Some civil liberties activists agree with that assessment. But they also see huge potential for abuse: a looming threat of privacy invasion and hints of a Big Brother-esque state where all public activity is recorded and analyzed.

After all, surveillance doesn't just happen in subway stations. In June 2004, the libertarian Reason magazine, using public databases, sent some 45,000 subscribers a personalized issue with a satellite image of their residence on the cover.

"We had some people cancel their subscriptions after that," says Reason editor Nick Gillespie. Ironically, the issue addressed the "upside of zero privacy" - such as ease of marketing - but that said, Mr. Gillespie doesn't shirk from criticizing a watchdog society.

While he acknowledges that footage helped the London investigations, he makes it clear: "I don't necessarily think that tells us surveillance of public areas is an unfettered good thing."

He adds, "There are TV shows in England that show outtakes from surveillance cameras. There's something weird about that. There's something creepy about that. We fundamentally have to ask ourselves, are we an open society or not?"

The European Parliament addressed such a question, in the 1998 report "An Appraisal of Technologies of Political Control." Europe in general, and the United Kingdom in particular, makes heavy use of surveillance technology in public places, and the report warned against monitoring abuses that smack of totalitarian regimes.

In a section titled "Developments in Surveillance Technology," the report reads, "Much of this technology is used to track the activities of dissidents, human rights activists, journalists, student leaders, minorities, trade union leaders and political opponents."

The outlook stateside

But if abuses occur in the US, they'll occur under the auspices of a transparent system where citizens can hold authorities accountable, argues Robert Atkinson, vice president of the Progressive Policy Institute in Washington.

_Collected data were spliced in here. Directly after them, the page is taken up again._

lemma schur_p_recurrence_nat:
  "real k * schur_p n (int k) y = (\<Sum>i=1..n. real i * y i * schur_p n (int k - int i) y)"
proof -
  define Y where "Y = schur_exponent n y"
  define E where "E = fps_exp (1::real) oo Y"
  define g where "g i = real i * fps_nth Y i * schur_p n (int k - int i) y" for i
  have "fps_deriv E = E * fps_deriv Y"
    unfolding E_def by (simp add: fps_compose_deriv Y_def schur_exponent_def)
  moreover have X_deriv: "fps_nth (fps_X * fps_deriv f) i = real i * fps_nth f i" for f :: "real fps" and i
    by (cases i) (simp_all add: fps_X_mult_nth fps_deriv_nth)
  ultimately have "real k * fps_nth E k = fps_nth ((fps_X * fps_deriv Y) * E) k"
    by (metis X_deriv mult.assoc mult.commute)
  also have "\<dots> = (\<Sum>i=0..k. real i * fps_nth Y i * fps_nth E (k - i))"
    by (subst fps_mult_nth) (simp only: X_deriv)
  also have "\<dots> = (\<Sum>i=0..k. g i)"
  proof (intro sum.cong refl)
    fix i assume "i \<in> {0..k}"
    then have "int k - int i = int (k - i)" by simp
    then show "real i * fps_nth Y i * fps_nth E (k - i) = g i"
      unfolding g_def E_def Y_def by (simp only: schur_p_nat)
  qed
  also have "\<dots> = sum g ({0..k} \<union> {1..n})"
    by (intro sum.mono_neutral_left) (auto simp: g_def schur_p_neg)
  also have "\<dots> = sum g {1..n}"
    by (intro sum.mono_neutral_right) (auto simp: g_def Y_def schur_exponent_def)
  also have "\<dots> = (\<Sum>i=1..n. real i * y i * schur_p n (int k - int i) y)"
    by (intro sum.cong refl) (simp add: g_def Y_def schur_exponent_def)
  finally show ?thesis
    by (simp only: E_def Y_def schur_p_nat)
qed

lemma schur_p_recurrence:
  "of_int k * schur_p n k y = (\<Sum>i=1..n. real i * y i * schur_p n (k - int i) y)"
proof (cases "k < 0")
  case True
  then show ?thesis by (simp add: schur_p_neg)
next
  case False
  then obtain k' where "k = int k'" by (metis nonneg_int_cases not_less)
  then show ?thesis using schur_p_recurrence_nat[of k' n y] by simp
qed

lemma schur_p_eq_recurrence:
  "k \<noteq> 0 \<Longrightarrow> schur_p n k y = (1 / of_int k) * (\<Sum>i=1..n. real i * y i * schur_p n (k - int i) y)"
  using schur_p_recurrence[of k n y] by (simp add: field_simps)

lemma schur_p_derivative_identity:
  "(\<Sum>i=1..n. real i * y i * (\<Sum>j=1..n. schur_p n (k - int i - int j) y * c j))
     + (\<Sum>j=1..n. real j * c j * schur_p n (k - int j) y)
   = of_int k * (\<Sum>j=1..n. schur_p n (k - int j) y * c j)"
proof -
  have "(\<Sum>i=1..n. real i * y i * (\<Sum>j=1..n. schur_p n (k - int i - int j) y * c j))
      = (\<Sum>i=1..n. \<Sum>j=1..n. real i * y i * schur_p n (k - int j - int i) y * c j)"
    by (simp add: sum_distrib_left mult_ac diff_diff_eq add.commute)
  also have "\<dots> = (\<Sum>j=1..n. (\<Sum>i=1..n. real i * y i * schur_p n (k - int j - int i) y) * c j)"
    by (subst sum.swap) (simp add: sum_distrib_right)
  also have "\<dots> = (\<Sum>j=1..n. of_int (k - int j) * schur_p n (k - int j) y * c j)"
    by (simp only: schur_p_recurrence)
  finally show ?thesis
    by (simp add: sum_distrib_left sum.distrib[symmetric] algebra_simps)
qed

lemma schur_p_has_derivative:
  fixes y :: "'a::real_normed_vector \<Rightarrow> nat \<Rightarrow> real"
  assumes dy: "\<And>i. i \<in> {1..n} \<Longrightarrow> ((\<lambda>x. y x i) has_derivative Dy i) (at a within S)"
  shows "((\<lambda>x. schur_p n k (y x)) has_derivative
           (\<lambda>h. \<Sum>j=1..n. schur_p n (k - int j) (y a) * Dy j h)) (at a within S)"
proof (induction "nat k" arbitrary: k rule: less_induct)
  case less
  show ?case
  proof (cases "k \<ge> 1")
    case False
    then have "(\<lambda>x. schur_p n k (y x)) = (\<lambda>x. if k = 0 then 1 else 0)"
      and "(\<lambda>h. \<Sum>j=1..n. schur_p n (k - int j) (y a) * Dy j h) = (\<lambda>h. 0)"
      by (auto simp: schur_p_neg intro!: sum.neutral)
    then show ?thesis by simp
  next
    case True
    have IH: "((\<lambda>x. schur_p n (k - int i) (y x)) has_derivative
           (\<lambda>h. \<Sum>j=1..n. schur_p n (k - int i - int j) (y a) * Dy j h)) (at a within S)"
      if "i \<in> {1..n}" for i
      using less[of "k - int i"] that True by auto
    have "(\<lambda>x. schur_p n k (y x)) =
       (\<lambda>x. (1 / of_int k) * (\<Sum>i=1..n. real i * y x i * schur_p n (k - int i) (y x)))"
      using True by (intro ext schur_p_eq_recurrence) simp
    moreover have "((\<lambda>x. (1 / of_int k) * (\<Sum>i=1..n. real i * y x i * schur_p n (k - int i) (y x)))
       has_derivative (\<lambda>h. (1 / of_int k) * (\<Sum>i=1..n. real i * y a i *
            (\<Sum>j=1..n. schur_p n (k - int i - int j) (y a) * Dy j h)
            + real i * Dy i h * schur_p n (k - int i) (y a)))) (at a within S)"
      by (intro has_derivative_mult_right has_derivative_sum has_derivative_mult
          has_derivative_const IH dy) auto
    moreover have "(\<lambda>h. (1 / of_int k) * (\<Sum>i=1..n. real i * y a i *
            (\<Sum>j=1..n. schur_p n (k - int i - int j) (y a) * Dy j h)
            + real i * Dy i h * schur_p n (k - int i) (y a)))
        = (\<lambda>h. \<Sum>j=1..n. schur_p n (k - int j) (y a) * Dy j h)"
      using True by (simp only: sum.distrib schur_p_derivative_identity) simp
    ultimately show ?thesis by simp
  qed
qed

lemma schur_p_has_real_derivative_coordinate:
  assumes "i \<in> {1..n}"
  shows "((\<lambda>s. schur_p n k (y(i := y i + s))) has_real_derivative schur_p n (k - int i) y) (at 0)"
proof -
  have "((\<lambda>s. (y(i := y i + s)) j) has_derivative (\<lambda>h. if j = i then h else 0)) (at 0)" for j
    by (cases "j = i") (auto intro!: derivative_eq_intros)
  from schur_p_has_derivative[where y="\<lambda>s. y(i := y i + s)" and a=0 and S=UNIV, OF this]
  have "((\<lambda>s. schur_p n k (y(i := y i + s))) has_derivative
      (\<lambda>h. \<Sum>j=1..n. schur_p n (k - int j) y * (if j = i then h else 0))) (at 0)"
    by simp
  moreover have "(\<Sum>j=1..n. schur_p n (k - int j) y * (if j = i then h else 0))
      = schur_p n (k - int i) y * h" for h
  proof -
    have "(\<Sum>j=1..n. schur_p n (k - int j) y * (if j = i then h else 0))
        = (\<Sum>j=1..n. if j = i then schur_p n (k - int i) y * h else 0)"
      by (intro sum.cong) auto
    then show ?thesis using assms by simp
  qed
  ultimately show ?thesis
    by (simp add: has_field_derivative_def mult_commute_abs)
qed

lemma pdy_schur_combination:
  assumes "i \<in> {1..n}"
  shows "pdy (\<lambda>y. \<Sum>q\<in>Q. c q * schur_p n (a q) y) i y = (\<Sum>q\<in>Q. c q * schur_p n (a q - int i) y)"
  unfolding pdy_def
  by (intro DERIV_imp_deriv DERIV_sum DERIV_cmult schur_p_has_real_derivative_coordinate assms)

definition Phi_shifted :: "nat \<Rightarrow> nat \<Rightarrow> (nat \<Rightarrow> 'p::finite) \<Rightarrow> real^'p \<Rightarrow> (nat \<Rightarrow> real) \<Rightarrow> int \<Rightarrow> real" where
  "Phi_shifted n m e t y s = (\<Sum>q=0..m. t $ e q * schur_p n (int q + 1 - s) y)"

lemma pdy_Phi: "i \<in> {1..n} \<Longrightarrow> pdy (Phi n m e t) i y = Phi_shifted n m e t y (int i)"
  using pdy_schur_combination[of i n "\<lambda>q. t $ e q" "\<lambda>q. int q + 1"]
  by (simp add: Phi_def[abs_def] Phi_shifted_def)

lemma pdy_pdy_Phi:
  assumes "i \<in> {1..n}" "j \<in> {1..n}"
  shows "pdy (\<lambda>y. pdy (Phi n m e t) j y) i y = Phi_shifted n m e t y (int i + int j)"
  using pdy_schur_combination[of i n "\<lambda>q. t $ e q" "\<lambda>q. int q + 1 - int j"] assms
  by (simp add: pdy_Phi Phi_shifted_def algebra_simps)

lemma Phi_shifted_eq_0_if_critical:
  assumes "\<forall>i\<in>{1..n}. pdy (Phi n m e t) i y = 0" "1 \<le> s" "s \<le> int n"
  shows "Phi_shifted n m e t y s = 0"
proof -
  have "nat s \<in> {1..n}" "int (nat s) = s" using assms(2,3) by auto
  then show ?thesis using assms(1) pdy_Phi by metis
qed

lemma Phi_shifted_has_derivative:
  fixes u :: "real^'p::finite \<Rightarrow> nat \<Rightarrow> real"
  assumes du: "\<And>j. j \<in> {1..n} \<Longrightarrow> ((\<lambda>t. u t j) has_derivative Du j) (at t)"
  shows "((\<lambda>t. Phi_shifted n m e t (u t) s) has_derivative
           (\<lambda>h. (\<Sum>q=0..m. h $ e q * schur_p n (int q + 1 - s) (u t))
              + (\<Sum>j=1..n. Phi_shifted n m e t (u t) (s + int j) * Du j h))) (at t)"
proof -
  have "((\<lambda>t. Phi_shifted n m e t (u t) s) has_derivative
           (\<lambda>h. \<Sum>q=0..m. t $ e q * (\<Sum>j=1..n. schur_p n (int q + 1 - s - int j) (u t) * Du j h)
              + h $ e q * schur_p n (int q + 1 - s) (u t))) (at t)"
    unfolding Phi_shifted_def
    by (intro has_derivative_sum has_derivative_mult schur_p_has_derivative du
        bounded_linear_imp_has_derivative bounded_linear_vec_nth)
  moreover have "(\<Sum>q=0..m. t $ e q * (\<Sum>j=1..n. schur_p n (int q + 1 - s - int j) (u t) * Du j h))
      = (\<Sum>j=1..n. Phi_shifted n m e t (u t) (s + int j) * Du j h)" for h
  proof -
    have "(\<Sum>q=0..m. t $ e q * (\<Sum>j=1..n. schur_p n (int q + 1 - s - int j) (u t) * Du j h))
        = (\<Sum>q=0..m. \<Sum>j=1..n. t $ e q * schur_p n (int q + 1 - (s + int j)) (u t) * Du j h)"
      by (simp add: sum_distrib_left diff_diff_eq mult.assoc)
    also have "\<dots> = (\<Sum>j=1..n. \<Sum>q=0..m. t $ e q * schur_p n (int q + 1 - (s + int j)) (u t) * Du j h)"
      by (rule sum.swap)
    finally show ?thesis
      by (simp add: Phi_shifted_def sum_distrib_right)
  qed
  ultimately show ?thesis by (simp only: sum.distrib add.commute)
qed

lemma Phi_shifted_critical_derivative:
  fixes u :: "real^'p::finite \<Rightarrow> nat \<Rightarrow> real"
  assumes "inj_on e {..m}" "kk \<le> m" "open U" "t \<in> U"
    and du: "\<And>j. j \<in> {1..n} \<Longrightarrow> ((\<lambda>t. u t j) has_derivative Du j) (at t)"
    and crit: "\<And>t. t \<in> U \<Longrightarrow> Phi_shifted n m e t (u t) s = 0"
  shows "schur_p n (int kk + 1 - s) (u t)
     + (\<Sum>j=1..n. Phi_shifted n m e t (u t) (s + int j) * Du j (axis (e kk) 1)) = 0"
proof -
  have "((\<lambda>t. Phi_shifted n m e t (u t) s) has_derivative (\<lambda>h. 0)) (at t)"
    by (rule has_derivative_transform_within_open[OF _ \<open>open U\<close> \<open>t \<in> U\<close>])
      (simp_all add: crit)
  from fun_cong[OF has_derivative_unique[OF Phi_shifted_has_derivative[OF du] this], of "axis (e kk) 1"]
  have "(\<Sum>q=0..m. axis (e kk) 1 $ e q * schur_p n (int q + 1 - s) (u t))
      + (\<Sum>j=1..n. Phi_shifted n m e t (u t) (s + int j) * Du j (axis (e kk) 1)) = 0"
    by blast
  moreover have "(\<Sum>q=0..m. axis (e kk) 1 $ e q * schur_p n (int q + 1 - s) (u t))
      = (\<Sum>q=0..m. if q = kk then schur_p n (int kk + 1 - s) (u t) else 0)"
    using assms(1,2) by (intro sum.cong) (auto simp: axis_def inj_on_def)
  ultimately show ?thesis
    using assms(2) by simp
qed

Mr. Atkinson says that surveillance systems, like any tool - especially law-enforcement tools like guns - can be potentially abused. But he adds that in a cost-benefit analysis, they are a cheap, efficient way to keep tabs on public spaces, which is a police officer's duty anyway.

"Put it this way: If we had the money, we could put a cop in every station," he says. "How is that different from a video surveillance system?"

Some say it is. They argue that the cameras are too impersonal yet simultaneously too intrusive. But critics and proponents agree that the issue is not really a question of equipment. It's the policy associated with the technology.

There is "a very thorny issue on what your policies and procedures are going to be when it comes to monitoring," says Mr Riley of RAND. "If departments are smart, they're going to get out in front of this, because sooner or later they're behind it, and that's not a good place to be if you're making policy."